======== Dataset extract

lemma integral_mult_selected_eq_last:
  assumes p: "is_density M p" and d [measurable]: "d \<in> borel_measurable M"
    and \<phi> [measurable]: "\<phi> \<in> borel_measurable M" and \<phi>_bound: "\<And>x. \<bar>\<phi> x\<bar> \<le> 1"
  shows "(\<integral>x. \<phi> x * selected d p x \<partial>M)
    = (\<integral>z. real K * \<phi> (fst (z (K - 1))) * softmax_weight d z (K - 1) \<partial>candidates p K)"
proof -
  let ?Q = "candidates p (K - 1)"
  interpret NQ: pair_prob_space N ?Q by (rule pair_prob_spaceI[OF prob_space_N prob_space_candidates[OF p]])
  have p_nonneg: "\<And>x. x \<in> space M \<Longrightarrow> 0 \<le> p x" and [measurable]: "p \<in> borel_measurable M"
    using p by (auto simp: is_density_def)
  define F where "F v z = \<phi> (fst v) * (real K * weight_against d v z)" for v z
  have F_bound: "\<bar>F v z\<bar> \<le> real K" for v z
    unfolding F_def using \<phi>_bound by (rule abs_mult_weight_against_le)
  define G where "G v = (\<integral>z. F v z \<partial>?Q)" for v
  have G_bound: "\<bar>G v\<bar> \<le> real K" for v
    unfolding G_def using prob_space_candidates[OF p] F_bound by (rule abs_integral_le_bound_prob_space)
  have "(\<lambda>(v, z). F v z) \<in> borel_measurable ((M \<Otimes>\<^sub>M N) \<Otimes>\<^sub>M ?Q)"
    unfolding F_def by measurable
  then have G [measurable]: "G \<in> borel_measurable (M \<Otimes>\<^sub>M N)"
    unfolding G_def[abs_def] by (rule NQ.M2.borel_measurable_lebesgue_integral)
  have "(\<integral>x. \<phi> x * selected d p x \<partial>M) = (\<integral>x. \<phi> x * H_kernel K M N r p d x \<partial>density M p)"
    using H_kernel_measurable[OF p d] p_nonneg
    by (subst integral_density) (auto simp: selected_def mult.left_commute)
  also have "\<dots> = (\<integral>x. (\<integral>e. G (x, e) \<partial>N) \<partial>density M p)"
  proof (rule Bochner_Integration.integral_cong[OF refl])
    fix x assume "x \<in> space (density M p)"
    then have "(\<lambda>w. F (x, fst w) (snd w)) \<in> borel_measurable (N \<Otimes>\<^sub>M ?Q)"
      unfolding F_def by measurable
    then have "integrable (N \<Otimes>\<^sub>M ?Q) (\<lambda>w. F (x, fst w) (snd w))"
      using F_bound by (intro integrable_bounded_prob_space[OF NQ.P.prob_space_axioms])
    then have "(\<integral>w. F (x, fst w) (snd w) \<partial>(N \<Otimes>\<^sub>M ?Q)) = (\<integral>e. G (x, e) \<partial>N)"
      unfolding G_def by (subst NQ.integral_fst'[symmetric]) simp_all
    then show "\<phi> x * H_kernel K M N r p d x = (\<integral>e. G (x, e) \<partial>N)"
      unfolding H_kernel_eq by (simp add: F_def)
  qed
  also have "\<dots> = (\<integral>v. G v \<partial>candidate p)"
    unfolding candidate_def by (rule integral_density_pair[OF p prob_space_N G G_bound, symmetric])
  also have "\<dots> = (\<integral>z. real K * \<phi> (fst (z (K - 1))) * softmax_weight d z (K - 1) \<partial>candidates p K)"
    unfolding G_def F_def
    by (rule integral_candidates_last[where \<psi>="\<lambda>v. \<phi> (fst v)", symmetric]) (use p d \<phi>_bound in auto)
  finally show ?thesis .
qed

lemma integral_softmax_weight_swap:
  assumes p: "is_density M p" and d: "d \<in> borel_measurable M"
    and f: "f \<in> borel_measurable (M \<Otimes>\<^sub>M borel)" and i: "i < K" and j: "j < K"
  shows "(\<integral>z. f (z i) * softmax_weight d z i \<partial>candidates p K) = (\<integral>z. f (z j) * softmax_weight d z j \<partial>candidates p K)"
proof -
  let ?t = "Transposition.transpose i j" and ?I = "{..<K}"
  define T where "T \<omega> = (\<lambda>n\<in>?I. \<omega> (?t n))" for \<omega> :: "nat \<Rightarrow> 'a \<times> real"
  have t: "bij_betw ?t ?I ?I" using i j by simp
  have "?t \<in> ?I \<rightarrow> ?I" using bij_betw_imp_funcset[OF t] .
  then have distr_T: "distr (candidates p K) (candidates p K) T = candidates p K"
    unfolding candidates_def T_def
    using distr_PiM_reindex[of ?I "\<lambda>_. candidate p" ?t ?I] prob_space_candidate[OF p] bij_betw_imp_inj_on[OF t]
    by simp
  have T: "T \<in> measurable (candidates p K) (candidates p K)"
    unfolding T_def candidates_def
    by (rule measurable_restrict, rule measurable_component_singleton)
      (use i j in \<open>auto simp: Transposition.transpose_def\<close>)
  have h: "(\<lambda>z. f (z j) * softmax_weight d z j) \<in> borel_measurable (candidates p K)"
    unfolding measurable_candidates_iff using j
    by (intro borel_measurable_times measurable_PiM_component_comp[OF _ f]
        softmax_weight_measurable[OF d]) auto
  have weight_T: "softmax_weight d (T \<omega>) j = softmax_weight d \<omega> i" for \<omega>
  proof -
    have "(\<Sum>n\<in>?I. score d (T \<omega> n)) = (\<Sum>n\<in>?I. score d (\<omega> (?t n)))"
      unfolding T_def by (intro sum.cong) auto
    also have "\<dots> = (\<Sum>n\<in>?I. score d (\<omega> n))" by (rule sum.reindex_bij_betw[OF t])
    finally show ?thesis using j unfolding softmax_weight_def by (simp add: T_def)
  qed
  have "(\<integral>z. f (z j) * softmax_weight d z j \<partial>candidates p K)
      = (\<integral>\<omega>. f (T \<omega> j) * softmax_weight d (T \<omega>) j \<partial>candidates p K)"
    by (subst (1) distr_T[symmetric]) (rule integral_distr[OF T h])
  also have "\<dots> = (\<integral>z. f (z i) * softmax_weight d z i \<partial>candidates p K)"
    unfolding weight_T using j by (simp add: T_def)
  finally show ?thesis ..
qed

definition softmax_mean :: "('a \<Rightarrow> real) \<Rightarrow> ('a \<Rightarrow> real) \<Rightarrow> (nat \<Rightarrow> 'a \<times> real) \<Rightarrow> real" where
  "softmax_mean d \<phi> z = (\<Sum>i<K. \<phi> (fst (z i)) * softmax_weight d z i)"

lemma softmax_mean_measurable:
  assumes d: "d \<in> borel_measurable M" and \<phi> [measurable]: "\<phi> \<in> borel_measurable M"
  shows "softmax_mean d \<phi> \<in> borel_measurable (candidates p K)"
proof -
  have "(\<lambda>v. \<phi> (fst v)) \<in> borel_measurable (M \<Otimes>\<^sub>M borel)" by measurable
  then show ?thesis
    unfolding softmax_mean_def[abs_def] measurable_candidates_iff
    by (intro borel_measurable_sum borel_measurable_times measurable_PiM_component_comp
        softmax_weight_measurable[OF d]) auto
qed

lemma abs_softmax_mean_le:
  assumes "\<And>x. \<bar>\<phi> x\<bar> \<le> 1" shows "\<bar>softmax_mean d \<phi> z\<bar> \<le> 1"
proof -
  have "\<bar>softmax_mean d \<phi> z\<bar> \<le> (\<Sum>i<K. \<bar>\<phi> (fst (z i)) * softmax_weight d z i\<bar>)"
    unfolding softmax_mean_def by (rule sum_abs)
  also have "\<dots> \<le> (\<Sum>i<K. softmax_weight d z i)"
    using assms softmax_weight_nonneg by (intro sum_mono) (auto simp: abs_mult intro!: mult_left_le_one_le)
  finally show ?thesis by (simp add: sum_softmax_weight)
qed

lemma integral_mult_selected:
  assumes p: "is_density M p" and d [measurable]: "d \<in> borel_measurable M"
    and \<phi> [measurable]: "\<phi> \<in> borel_measurable M" and \<phi>_bound: "\<And>x. \<bar>\<phi> x\<bar> \<le> 1"
  shows "(\<integral>x. \<phi> x * selected d p x \<partial>M) = (\<integral>z. softmax_mean d \<phi> z \<partial>candidates p K)"
proof -
  have \<phi>_fst: "(\<lambda>v. \<phi> (fst v)) \<in> borel_measurable (M \<Otimes>\<^sub>M borel)" by measurable
  have "integrable (candidates p K) (\<lambda>z. \<phi> (fst (z i)) * softmax_weight d z i)" if "i < K" for i
  proof (rule integrable_bounded_prob_space[OF prob_space_candidates[OF p]])
    show "(\<lambda>z. \<phi> (fst (z i)) * softmax_weight d z i) \<in> borel_measurable (candidates p K)"
      unfolding measurable_candidates_iff using that
      by (intro borel_measurable_times measurable_PiM_component_comp[OF _ \<phi>_fst]
          softmax_weight_measurable[OF d]) auto
    show "\<bar>\<phi> (fst (z i)) * softmax_weight d z i\<bar> \<le> 1" for z
      using \<phi>_bound[of "fst (z i)"] softmax_weight_nonneg[of d z i] softmax_weight_le_1[OF that, of d z]
      by (simp add: abs_mult mult_le_one)
  qed
  then have "(\<integral>z. softmax_mean d \<phi> z \<partial>candidates p K)
      = (\<Sum>i<K. \<integral>z. \<phi> (fst (z i)) * softmax_weight d z i \<partial>candidates p K)"
    unfolding softmax_mean_def by (intro Bochner_Integration.integral_sum) auto
  also have "\<dots> = (\<Sum>i<K. \<integral>z. \<phi> (fst (z (K - 1))) * softmax_weight d z (K - 1) \<partial>candidates p K)"
    using two_le_K by (intro sum.cong refl integral_softmax_weight_swap[OF p d \<phi>_fst]) auto
  also have "\<dots> = (\<integral>x. \<phi> x * selected d p x \<partial>M)"
    by (simp add: integral_mult_selected_eq_last[OF p d \<phi> \<phi>_bound] mult.assoc)
  finally show ?thesis ..
qed

lemma selected_measurable:
  "is_density M p \<Longrightarrow> d \<in> borel_measurable M \<Longrightarrow> selected d p \<in> borel_measurable M"
  unfolding selected_def[abs_def] using H_kernel_measurable
  by (intro borel_measurable_times) (auto simp: is_density_def)

lemma selected_nonneg: "is_density M p \<Longrightarrow> x \<in> space M \<Longrightarrow> 0 \<le> selected d p x"
  unfolding selected_def using H_kernel_nonneg by (auto simp: is_density_def)

lemma integrable_selected:
  assumes p: "is_density M p" and d: "d \<in> borel_measurable M"
  shows "integrable M (selected d p)"
proof (rule Bochner_Integration.integrable_bound)
  show "integrable M (\<lambda>x. real K * p x)" using p by (simp add: is_density_def)
  have "\<bar>selected d p x\<bar> \<le> real K * p x" if "x \<in> space M" for x
  proof -
    have "0 \<le> p x" using p that by (simp add: is_density_def)
    moreover have "p x * H_kernel K M N r p d x \<le> p x * real K"
      by (rule mult_left_mono[OF H_kernel_le[OF p] \<open>0 \<le> p x\<close>])
    ultimately show ?thesis using H_kernel_nonneg[OF p, of d x] by (simp add: selected_def mult.commute)
  qed
  then show "AE x in M. norm (selected d p x) \<le> norm (real K * p x)"
    using p by (intro AE_I2) (auto simp: is_density_def abs_mult)
qed (rule selected_measurable[OF p d])

lemma integral_selected:
  assumes p: "is_density M p" and d: "d \<in> borel_measurable M"
  shows "(\<integral>x. selected d p x \<partial>M) = 1"
proof -
  have "softmax_mean d (\<lambda>_. 1) = (\<lambda>_. 1)" by (simp add: fun_eq_iff softmax_mean_def sum_softmax_weight)
  then show ?thesis
    using integral_mult_selected[OF p d, of "\<lambda>_. 1"] prob_space.prob_space[OF prob_space_candidates[OF p]]
    by simp
qed

lemma softmax_mean_perturb_le:
  assumes "\<And>x. \<bar>\<phi> x\<bar> \<le> 1" and d: "\<forall>i<K. \<bar>d (fst (z i))\<bar> \<le> \<eta>"
  shows "softmax_mean d \<phi> z - softmax_mean (\<lambda>_. 0) \<phi> z \<le> real K * \<eta> / 2"
proof -
  have "softmax_mean d \<phi> z - softmax_mean (\<lambda>_. 0) \<phi> z
      = (\<Sum>i<K. \<phi> (fst (z i)) * (softmax_weight d z i - softmax_weight (\<lambda>_. 0) z i))"
    unfolding softmax_mean_def by (simp add: sum_subtractf[symmetric] right_diff_distrib)
  also have "\<dots> \<le> (\<Sum>i<K. \<bar>softmax_weight d z i - softmax_weight (\<lambda>_. 0) z i\<bar>)"
  proof (rule sum_mono)
    fix i
    let ?\<Delta> = "softmax_weight d z i - softmax_weight (\<lambda>_. 0) z i"
    have "\<phi> (fst (z i)) * ?\<Delta> \<le> \<bar>\<phi> (fst (z i))\<bar> * \<bar>?\<Delta>\<bar>" by (metis abs_ge_self abs_mult)
    also have "\<dots> \<le> \<bar>?\<Delta>\<bar>" using assms(1) by (intro mult_left_le_one_le) auto
    finally show "\<phi> (fst (z i)) * ?\<Delta> \<le> \<bar>?\<Delta>\<bar>" .
  qed
  also have "\<dots> = normalize_L1_dist (\<lambda>i. score d (z i)) (\<lambda>i. score (\<lambda>_. 0) (z i)) {..<K}"
    unfolding normalize_L1_dist_def softmax_weight_def ..
  also have "\<dots> \<le> real K * \<eta> / 2"
    using d by (intro normalize_L1_dist_le) (auto simp: score_def)
  finally show ?thesis .
qed

lemma AE_candidates_component:
  assumes p: "is_density M p" and ae: "AE x in M. P x"
  shows "AE z in candidates p n. \<forall>i<n. P (fst (z i))"
proof -
  have [measurable]: "p \<in> borel_measurable M" using p by (simp add: is_density_def)
  have "AE x in density M p. P x" using ae by (subst AE_density) (auto elim: eventually_mono)
  then have "AE x in distr (density M p \<Otimes>\<^sub>M N) (density M p) fst. P x"
    unfolding prob_space.distr_pair_fst[OF prob_space_N] .
  then have "AE v in candidate p. P (fst v)"
    unfolding candidate_def by (rule AE_distrD[OF measurable_fst])
  then have "\<forall>i<n. AE z in candidates p n. P (fst (z i))"
    unfolding candidates_def using prob_space_candidate[OF p] by (auto intro: AE_PiM_component)
  then have "AE z in candidates p n. \<forall>i\<in>{..<n}. P (fst (z i))" by (intro eventually_ball_finite) auto
  then show ?thesis by (rule eventually_mono) simp
qed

================

Description of the task: Output the lines of the records above exactly as they appear, from the line containing "i) \<in> borel_measurable" through the line containing "p \<Longrightarrow> x".

Expected output:
    show "(\<lambda>z. \<phi> (fst (z i)) * softmax_weight d z i) \<in> borel_measurable (candidates p K)"
      unfolding measurable_candidates_iff using that
      by (intro borel_measurable_times measurable_PiM_component_comp[OF _ \<phi>_fst]
          softmax_weight_measurable[OF d]) auto
    show "\<bar>\<phi> (fst (z i)) * softmax_weight d z i\<bar> \<le> 1" for z
      using \<phi>_bound[of "fst (z i)"] softmax_weight_nonneg[of d z i] softmax_weight_le_1[OF that, of d z]
      by (simp add: abs_mult mult_le_one)
  qed
  then have "(\<integral>z. softmax_mean d \<phi> z \<partial>candidates p K)
      = (\<Sum>i<K. \<integral>z. \<phi> (fst (z i)) * softmax_weight d z i \<partial>candidates p K)"
    unfolding softmax_mean_def by (intro Bochner_Integration.integral_sum) auto
  also have "\<dots> = (\<Sum>i<K. \<integral>z. \<phi> (fst (z (K - 1))) * softmax_weight d z (K - 1) \<partial>candidates p K)"
    using two_le_K by (intro sum.cong refl integral_softmax_weight_swap[OF p d \<phi>_fst]) auto
  also have "\<dots> = (\<integral>x. \<phi> x * selected d p x \<partial>M)"
    by (simp add: integral_mult_selected_eq_last[OF p d \<phi> \<phi>_bound] mult.assoc)
  finally show ?thesis ..
qed

lemma selected_measurable:
  "is_density M p \<Longrightarrow> d \<in> borel_measurable M \<Longrightarrow> selected d p \<in> borel_measurable M"
  unfolding selected_def[abs_def] using H_kernel_measurable
  by (intro borel_measurable_times) (auto simp: is_density_def)

lemma selected_nonneg: "is_density M p \<Longrightarrow> x \<in> space M \<Longrightarrow> 0 \<le> selected d p x"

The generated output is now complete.